5.0 out of 5 stars Great Value!, January 8, 2013
Verified Purchase(What's this?)
This is an amazing value pack! I bought this for Crusader Kings II alone, and at $20 with a few DLCs (but not the expansion DLCs) it is a good deal already. The list shows 13 items, but essentially they are 6 games : (1) Crusader Kings II, (2) Magicka, (3) Majesty 2, (4) Majesty Gold, (5) Victoria II, (6) Warlock: Master of the Arcane. However, I bought this game solely for Crusader Kings II, so I cannot say much about other games. I have downloaded Magicka and Warlock demo and played for a few minutes to see what are they. Note that it requires Steam to play.

Magicka is an RPG, but more kid / teen oriented. There is an issue with my mouse (Logitech LX7) and the default button assignments, so it is necessary to do the setup before playing. Not my cup of tea (I don't even like Diablo), but it should be a good present for my nephew who is in junior high now.

Warlock is something like Civilization in fantasy theme 4X game. Perhaps for 4X games I like Sid's more, so I am not very interested in this game either. The game alone is not a bad one though, it seems.
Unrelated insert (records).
lemma card_near_multiples_le:
  assumes m: "m > 0"
  shows "card (near_multiples m n T) \<le> (m + 1) * (2 * T)"
proof -
  define S where "S k = {a. a < n \<and> \<bar>int a * int m - int k * int n\<bar> < int T}" for k
  have "card (S k) \<le> 2 * T" for k
  proof -
    have "inj_on (\<lambda>a. nat (int a * int m - int k * int n + int T)) (S k)"
    proof (rule inj_onI)
      fix x y
      assume "x \<in> S k" "y \<in> S k"
        and "nat (int x * int m - int k * int n + int T) = nat (int y * int m - int k * int n + int T)"
      then have "int x * int m = int y * int m"
        by (subst (asm) eq_nat_nat_iff) (auto simp: S_def)
      then show "x = y" using m by simp
    qed
    moreover have "(\<lambda>a. nat (int a * int m - int k * int n + int T)) ` S k \<subseteq> {..<2 * T}"
      by (auto simp: S_def)
    ultimately show ?thesis
      by (metis card_inj_on_le card_lessThan finite_lessThan)
  qed
  have "card (\<Union>k\<le>m. S k) \<le> (\<Sum>k\<le>m. card (S k))"
    by (rule card_UN_le) simp
  also have "\<dots> \<le> (m + 1) * (2 * T)"
    using sum_mono[of "{..m}" "\<lambda>k. card (S k)" "\<lambda>_. 2 * T"] \<open>\<And>k. card (S k) \<le> 2 * T\<close> by simp
  finally have "card (\<Union>k\<le>m. S k) \<le> (m + 1) * (2 * T)" .
  moreover have "near_multiples m n T = (\<Union>k\<le>m. S k)"
    by (auto simp: near_multiples_def S_def)
  ultimately show ?thesis by simp
qed

lemma sum_fourier_periodic_outside_near_multiples_le:
  assumes n: "n > 0" and m: "m > 0" and T: "2 \<le> T"
    and periodic: "\<And>x. f (x + m) = f x" and bounded: "\<And>x. norm (f x) \<le> B"
  shows "(\<Sum>a\<in>{..<n} - near_multiples m n T. (norm (fourier n f a))\<^sup>2)
           \<le> 2 * (m + 1) * (m * B)\<^sup>2 / (real T - 1)"
proof -
  define v where "v a k = int a * int m - int k * int n" for a k
  define h where "h a k = (if int T \<le> \<bar>v a k\<bar> then (m * B)\<^sup>2 / (real_of_int (v a k))\<^sup>2 else 0)" for a k
  have h_nonneg: "0 \<le> h a k" for a k
    by (simp add: h_def)
  have pointwise: "(norm (fourier n f a))\<^sup>2 \<le> (\<Sum>k\<le>m. h a k)"
    if a: "a \<in> {..<n} - near_multiples m n T" for a
  proof -
    obtain k where k: "k \<le> m" "2 * \<bar>v a k\<bar> \<le> int n"
      using exists_near_multiple[of a n m] a unfolding v_def by auto
    have far: "int T \<le> \<bar>v a k\<bar>"
      using a k(1) by (auto simp: near_multiples_def v_def)
    then have "norm (fourier n f a) \<le> m * B / \<bar>v a k\<bar>"
      using norm_fourier_periodic_le[where f = f and m = m and B = B, OF n periodic bounded, of a k] k T
      unfolding v_def by auto
    then have "(norm (fourier n f a))\<^sup>2 \<le> (m * B / \<bar>v a k\<bar>)\<^sup>2"
      by (intro power_mono) auto
    also have "\<dots> = h a k"
      using far by (simp add: h_def power_divide)
    also have "\<dots> \<le> (\<Sum>k\<le>m. h a k)"
      using k(1) h_nonneg by (intro member_le_sum) auto
    finally show ?thesis .
  qed
  have column: "(\<Sum>a<n. h a k) \<le> 2 * (m * B)\<^sup>2 / (real T - 1)" for k
  proof -
    have "(\<Sum>a<n. h a k) = (\<Sum>a\<in>{a\<in>{..<n}. int T \<le> \<bar>v a k\<bar>}. (m * B)\<^sup>2 / (real_of_int (v a k))\<^sup>2)"
      unfolding h_def by (rule sum.inter_filter[symmetric]) simp
    also have "\<dots> = (m * B)\<^sup>2 * (\<Sum>a\<in>{a\<in>{..<n}. int T \<le> \<bar>v a k\<bar>}. 1 / (real_of_int (v a k))\<^sup>2)"
      by (simp add: sum_distrib_left)
    also have "\<dots> \<le> (m * B)\<^sup>2 * (2 / (real T - 1))"
      using m by (intro mult_left_mono sum_inverse_square_int_le[OF T]) (auto simp: inj_on_def v_def)
    finally show ?thesis by (simp add: mult.commute)
  qed
  have "(\<Sum>a\<in>{..<n} - near_multiples m n T. (norm (fourier n f a))\<^sup>2)
      \<le> (\<Sum>a\<in>{..<n} - near_multiples m n T. \<Sum>k\<le>m. h a k)"
    by (rule sum_mono) (rule pointwise)
  also have "\<dots> \<le> (\<Sum>a<n. \<Sum>k\<le>m. h a k)"
    by (rule sum_mono2) (auto intro: sum_nonneg h_nonneg)
  also have "\<dots> = (\<Sum>k\<le>m. \<Sum>a<n. h a k)"
    by (rule sum.swap)
  also have "\<dots> \<le> (m + 1) * (2 * (m * B)\<^sup>2 / (real T - 1))"
    using sum_bounded_above[of "{..m}" "\<lambda>k. \<Sum>a<n. h a k", OF column] by simp
  finally show ?thesis by (simp add: algebra_simps)
qed

lemma is_bipoly_affine: "is_bipoly (\<lambda>x y. a + b * y)"
  unfolding is_bipoly_def
  by (rule exI[of _ 1], rule exI[of _ "\<lambda>i j. if i = 0 \<and> j = 0 then a else if i = 0 \<and> j = 1 then b else 0"])
     (simp add: atMost_Suc)

lemma concentrated_periodic:
  assumes m: "m > 0" and periodic: "\<And>x. f (x + m) = f x" and bounded: "\<And>x. norm (f x) \<le> B"
  shows "concentrated N (\<lambda>_. f)"
proof -
  define K where "K = 2 * (real m + 1) * (real m * B)\<^sup>2"
  define P where "P = (\<lambda>(_ :: real) y. 6 * (m + 1) + 2 * (m + 1) * K * y)"
  have "\<exists>\<Gamma>. \<Gamma> \<subseteq> {..<n} \<and> real (card \<Gamma>) \<le> P (ln (real n)) (1 / \<epsilon>)
          \<and> znorm2sq n (\<lambda>x. f x - frestrict n f \<Gamma> x) < \<epsilon>" if \<epsilon>: "\<epsilon> > 0" for n \<epsilon>
  proof -
    define T where "T = nat \<lceil>K / \<epsilon>\<rceil> + 2"
    have "0 \<le> K / \<epsilon>" using \<epsilon> by (simp add: K_def)
    then have T_real: "real T = of_int \<lceil>K / \<epsilon>\<rceil> + 2"
      unfolding T_def by simp
    have "K / \<epsilon> < real T - 1" "real T \<le> K / \<epsilon> + 3"
      using T_real le_of_int_ceiling[of "K / \<epsilon>"] of_int_ceiling_le_add_one[of "K / \<epsilon>"]
      by linarith+
    moreover have "2 \<le> T"
      by (simp add: T_def)
    ultimately have T: "2 \<le> T" "K / \<epsilon> < real T - 1" "real T \<le> K / \<epsilon> + 3"
      by auto
    have "real (card (near_multiples m n T)) \<le> real ((m + 1) * (2 * T))"
      using card_near_multiples_le[OF m] by (rule of_nat_mono)
    also have "\<dots> = 2 * (m + 1) * real T"
      by (simp add: algebra_simps)
    also have "\<dots> \<le> 2 * (m + 1) * (K / \<epsilon> + 3)"
      using T(3) by (intro mult_left_mono) auto
    also have "\<dots> = P (ln (real n)) (1 / \<epsilon>)"
      by (simp add: P_def algebra_simps)
    finally have card: "real (card (near_multiples m n T)) \<le> P (ln (real n)) (1 / \<epsilon>)" .
    have "znorm2sq n (\<lambda>x. f x - frestrict n f (near_multiples m n T) x) < \<epsilon>"
    proof (cases "n = 0")
      case True
      then show ?thesis using \<epsilon> by (simp add: znorm2sq_def zinner_def)
    next
      case False
      have "znorm2sq n (\<lambda>x. f x - frestrict n f (near_multiples m n T) x)
          = (\<Sum>a\<in>{..<n} - near_multiples m n T. (norm (fourier n f a))\<^sup>2)"
        using False by (intro znorm2sq_sub_frestrict) (auto simp: near_multiples_def)
      also have "\<dots> \<le> K / (real T - 1)"
        unfolding K_def
        by (rule sum_fourier_periodic_outside_near_multiples_le[where f = f])
           (use False m T(1) periodic bounded in auto)
      also have "\<dots> < \<epsilon>"
        using T(1,2) \<epsilon> by (simp add: field_simps)
      finally show ?thesis .
    qed
    moreover have "near_multiples m n T \<subseteq> {..<n}"
      by (auto simp: near_multiples_def)
    ultimately show ?thesis using card by blast
  qed
  moreover have "is_bipoly P"
    unfolding P_def by (rule is_bipoly_affine)
  ultimately show ?thesis
    unfolding concentrated_def by blast
qed

lemma bitf_add_period: "bitf i (x + 2 ^ Suc i) = bitf i x"
proof -
  have "(x + 2 ^ Suc i) div 2 ^ i = x div 2 ^ i + 2" by simp
  then show ?thesis unfolding bitf_def by simp
qed

lemma norm_bitf: "norm (bitf i x) = 1"
  unfolding bitf_def by (simp add: norm_power)

theorem corollary6p5:
  fixes i :: nat
  shows "concentrated {n. n > 2 ^ i} (\<lambda>n. bitf i)"
  using bitf_add_period norm_bitf
  by (intro concentrated_periodic[where m = "2 ^ Suc i" and B = 1]) auto

end
(* Let $T$ be a tournament and $X=(v_1,\dots,v_k)$, $k\ge2$, a list of distinct vertices of $T$ satisfying the $U$-property. Then $T[\{v_1,\dots,v_k\}]$ is the tournament $U_k$ (with $v_i$ playing the role of the $i$-th vertex of $U_k$).
   Context: A tournament is a digraph with exactly one arc between each pair of distinct vertices; $d^-(v)$ is the in-degree of $v$ in $T$. A list $(v_1,\dots,v_k)$ with $k\ge2$ satisfies the $U$-property if $d^-(v_1)=1$ and, for each $i\in\{2,\dots,k\}$, $(v_i,v_{i-1})\in A(T)$ and $d^-(v_i)=i-1$. $U_k$ is the tournament on $\{v_1,\dots,v_k\}$ with arc set $\{(v_{i+1},v_i): i\in[k-1]\}\cup\{(v_i,v_j): 1\le i<k,\ i+1<j\le k\}$. *)

theory Defs
  imports Main
begin

definition tournament :: "'a set \<Rightarrow> ('a \<times> 'a) set \<Rightarrow> bool" where
  "tournament V A \<longleftrightarrow> finite V \<and> A \<subseteq> V \<times> V \<and> (\<forall>v. (v, v) \<notin> A) \<and>
     (\<forall>u\<in>V. \<forall>v\<in>V. u \<noteq> v \<longrightarrow> ((u, v) \<in> A \<longleftrightarrow> (v, u) \<notin> A))"

definition indeg :: "'a set \<Rightarrow> ('a \<times> 'a) set \<Rightarrow> 'a \<Rightarrow> nat" where
  "indeg V A v = card {u \<in> V. (u, v) \<in> A}"

text \<open>U-property for a list; the list is 1-indexed in the paper: v_i = xs ! (i - 1).\<close>
definition U_property :: "'a set \<Rightarrow> ('a \<times> 'a) set \<Rightarrow> 'a list \<Rightarrow> bool" where
  "U_property V A xs \<longleftrightarrow> length xs \<ge> 2 \<and>
     indeg V A (xs ! 0) = 1 \<and>
     (\<forall>i\<in>{2..length xs}. (xs ! (i - 1), xs ! (i - 2)) \<in> A \<and> indeg V A (xs ! (i - 1)) = i - 1)"

definition U_arcs :: "nat \<Rightarrow> (nat \<times> nat) set" where
  "U_arcs k = {(i + 1, i) | i. i \<in> {1..k - 1}} \<union> {(i, j) | i j. 1 \<le> i \<and> i < k \<and> i + 1 < j \<and> j \<le> k}"

end

theory Submission
  imports Defs
begin

text \<open>
  Index the vertices from 0, so that \<open>x\<^sub>n = xs ! n\<close> has in-degree \<open>max 1 n\<close>.
  By strong induction on n, the in-neighbourhood of every \<open>x\<^sub>n\<close> except the last is
  exactly \<open>{x\<^sub>m | m < n - 1} \<union> {x\<^sub>n\<^sub>+\<^sub>1}\<close>: the arc from \<open>x\<^sub>n\<^sub>+\<^sub>1\<close> is given, each
  \<open>x\<^sub>m\<close> with \<open>m < n - 1\<close> beats \<open>x\<^sub>n\<close> because by induction \<open>x\<^sub>n\<close> is not an in-neighbour
  of \<open>x\<^sub>m\<close>, and these \<open>max 1 n\<close> vertices already exhaust the in-degree. The arcs at
  the last vertex then follow from the in-neighbourhoods of the others.
\<close>

lemma tournament_arc_iff_not_reverse:
  assumes "tournament V A" "u \<in> V" "v \<in> V" "u \<noteq> v"
  shows "(u, v) \<in> A \<longleftrightarrow> (v, u) \<notin> A"
  using assms unfolding tournament_def by blast

lemma tournament_in_nbrs_eq_if_card_eq:
  assumes "tournament V A" "S \<subseteq> {u \<in> V. (u, v) \<in> A}" "card S = indeg V A v"
  shows "{u \<in> V. (u, v) \<in> A} = S"
proof -
  have "finite {u \<in> V. (u, v) \<in> A}"
    using assms(1) unfolding tournament_def by simp
  then show ?thesis
    using assms(2,3) card_subset_eq unfolding indeg_def by metis
qed

lemma nth_in_image_nth_iff:
  assumes "distinct xs" "S \<subseteq> {..<length xs}" "a < length xs"
  shows "xs ! a \<in> (!) xs ` S \<longleftrightarrow> a \<in> S"
  using assms by (intro inj_on_image_mem_iff[OF inj_on_nth[of xs "{..<length xs}"]]) auto

context
  fixes V :: "'a set" and A :: "('a \<times> 'a) set" and xs :: "'a list"
  assumes tournament: "tournament V A"
    and set_xs: "set xs \<subseteq> V"
    and distinct_xs: "distinct xs"
    and U_property: "U_property V A xs"
begin

lemma U_arc_Suc:
  assumes "n + 1 < length xs"
  shows "(xs ! (n + 1), xs ! n) \<in> A"
proof -
  have "n + 2 \<in> {2..length xs}"
    using assms by simp
  with U_property show ?thesis
    unfolding U_property_def by fastforce
qed

lemma U_indeg:
  assumes "n < length xs"
  shows "indeg V A (xs ! n) = max 1 n"
proof (cases "n = 0")
  case True
  with U_property show ?thesis
    unfolding U_property_def by simp
next
  case False
  with assms have "n + 1 \<in> {2..length xs}"
    by simp
  with U_property False show ?thesis
    unfolding U_property_def by fastforce
qed

lemma U_in_nbrs:
  assumes "n + 1 < length xs"
  shows "{u \<in> V. (u, xs ! n) \<in> A} = (!) xs ` ({..<n - 1} \<union> {n + 1})"
  using assms
proof (induction n rule: less_induct)
  case (less n)
  let ?S = "{..<n - 1} \<union> {n + 1}"
  have S_bound: "?S \<subseteq> {..<length xs}"
    using less.prems by auto
  have "(xs ! m, xs ! n) \<in> A" if m: "m \<in> ?S" for m
  proof (cases "m = n + 1")
    case True
    then show ?thesis using U_arc_Suc less.prems by simp
  next
    case False
    with m have "m < n - 1" by simp
    have in_V: "xs ! m \<in> V" "xs ! n \<in> V"
      using set_xs S_bound m less.prems by auto
    from \<open>m < n - 1\<close> less
    have "{u \<in> V. (u, xs ! m) \<in> A} = (!) xs ` ({..<m - 1} \<union> {m + 1})"
      by simp
    moreover have "xs ! n \<notin> (!) xs ` ({..<m - 1} \<union> {m + 1})"
      using \<open>m < n - 1\<close> less.prems by (subst nth_in_image_nth_iff[OF distinct_xs]) auto
    ultimately have "(xs ! n, xs ! m) \<notin> A"
      using in_V by (metis (no_types, lifting) mem_Collect_eq)
    moreover have "xs ! m \<noteq> xs ! n"
      using \<open>m < n - 1\<close> less.prems distinct_xs by (simp add: nth_eq_iff_index_eq)
    ultimately show ?thesis
      using tournament_arc_iff_not_reverse[OF tournament in_V] by blast
  qed
  then have "(!) xs ` ?S \<subseteq> {u \<in> V. (u, xs ! n) \<in> A}"
    using set_xs S_bound by auto
  moreover have "card ((!) xs ` ?S) = indeg V A (xs ! n)"
  proof -
    have "card ((!) xs ` ?S) = card ?S"
      using S_bound by (intro card_image inj_on_nth distinct_xs) auto
    also have "\<dots> = max 1 n" by simp
    finally show ?thesis using U_indeg less.prems by simp
  qed
  ultimately show ?case
    by (rule tournament_in_nbrs_eq_if_card_eq[OF tournament])
qed

lemma U_arc_iff:
  assumes "a < length xs" "b < length xs"
  shows "(xs ! a, xs ! b) \<in> A \<longleftrightarrow> a = b + 1 \<or> a + 1 < b"
proof -
  have arc_into: "(xs ! a', xs ! b') \<in> A \<longleftrightarrow> a' \<in> {..<b' - 1} \<union> {b' + 1}"
    if "b' + 1 < length xs" "a' < length xs" for a' b'
  proof -
    have "xs ! a' \<in> V"
      using that set_xs by auto
    then have "(xs ! a', xs ! b') \<in> A \<longleftrightarrow> xs ! a' \<in> (!) xs ` ({..<b' - 1} \<union> {b' + 1})"
      using U_in_nbrs[OF that(1)] by blast
    also have "\<dots> \<longleftrightarrow> a' \<in> {..<b' - 1} \<union> {b' + 1}"
      using that by (intro nth_in_image_nth_iff[OF distinct_xs]) auto
    finally show ?thesis .
  qed
  show ?thesis
  proof (cases "b + 1 < length xs")
    case True
    then show ?thesis using arc_into assms by auto
  next
    case b_last: False
    consider "a = b" | "a < b" using assms b_last by linarith
    then show ?thesis
    proof cases
      case 1
      then show ?thesis using tournament unfolding tournament_def by auto
    next
      case 2
      have "xs ! a \<noteq> xs ! b"
        using 2 assms distinct_xs by (simp add: nth_eq_iff_index_eq)
      moreover have "xs ! a \<in> V" "xs ! b \<in> V"
        using set_xs assms by auto
      ultimately have "(xs ! a, xs ! b) \<in> A \<longleftrightarrow> (xs ! b, xs ! a) \<notin> A"
        by (intro tournament_arc_iff_not_reverse[OF tournament])
      also have "\<dots> \<longleftrightarrow> b \<noteq> a + 1"
        using arc_into[of a b] 2 assms b_last by auto
      finally show ?thesis using 2 by auto
    qed
  qed
qed

end

theorem mainTheorem17:
  fixes V :: "'a set" and A :: "('a \<times> 'a) set" and xs :: "'a list"
  assumes "tournament V A"
    and "set xs \<subseteq> V"
    and "distinct xs"
    and "U_property V A xs"
  shows "\<forall>i\<in>{1..length xs}. \<forall>j\<in>{1..length xs}.
           (xs ! (i - 1), xs ! (j - 1)) \<in> A \<longleftrightarrow> (i, j) \<in> U_arcs (length xs)"
proof (intro ballI)
  fix i j assume i: "i \<in> {1..length xs}" and j: "j \<in> {1..length xs}"
  then have "(xs ! (i - 1), xs ! (j - 1)) \<in> A \<longleftrightarrow> i - 1 = j - 1 + 1 \<or> i - 1 + 1 < j - 1"
    by (intro U_arc_iff[OF assms]) auto
  also have "\<dots> \<longleftrightarrow> (i, j) \<in> U_arcs (length xs)"
    using i j unfolding U_arcs_def by auto
  finally show "(xs ! (i - 1), xs ! (j - 1)) \<in> A \<longleftrightarrow> (i, j) \<in> U_arcs (length xs)" .
qed

end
And back to Crusader Kings II, it is a very addictive game. It is something like RTS but a bit different, feeling like "Nobunaga's Ambition" from KOEI to me. I played around 150 hours thus far. The game is to build a dynasty that rules (or survives) over time, including the Mongol invasions. There are few scenarios to choose from, and of which the "William the Conquer" period is the most interesting to me. It is great to start as a Count, invade using fake claims nearby Counts to expand, and eventually build up (steal) a Kingdom (Georgia in my case)... and once passing it down to the heir (there are many ways), the Kingdom starts to fall apart (well, not yet; it takes 3 generations to see it happens for me).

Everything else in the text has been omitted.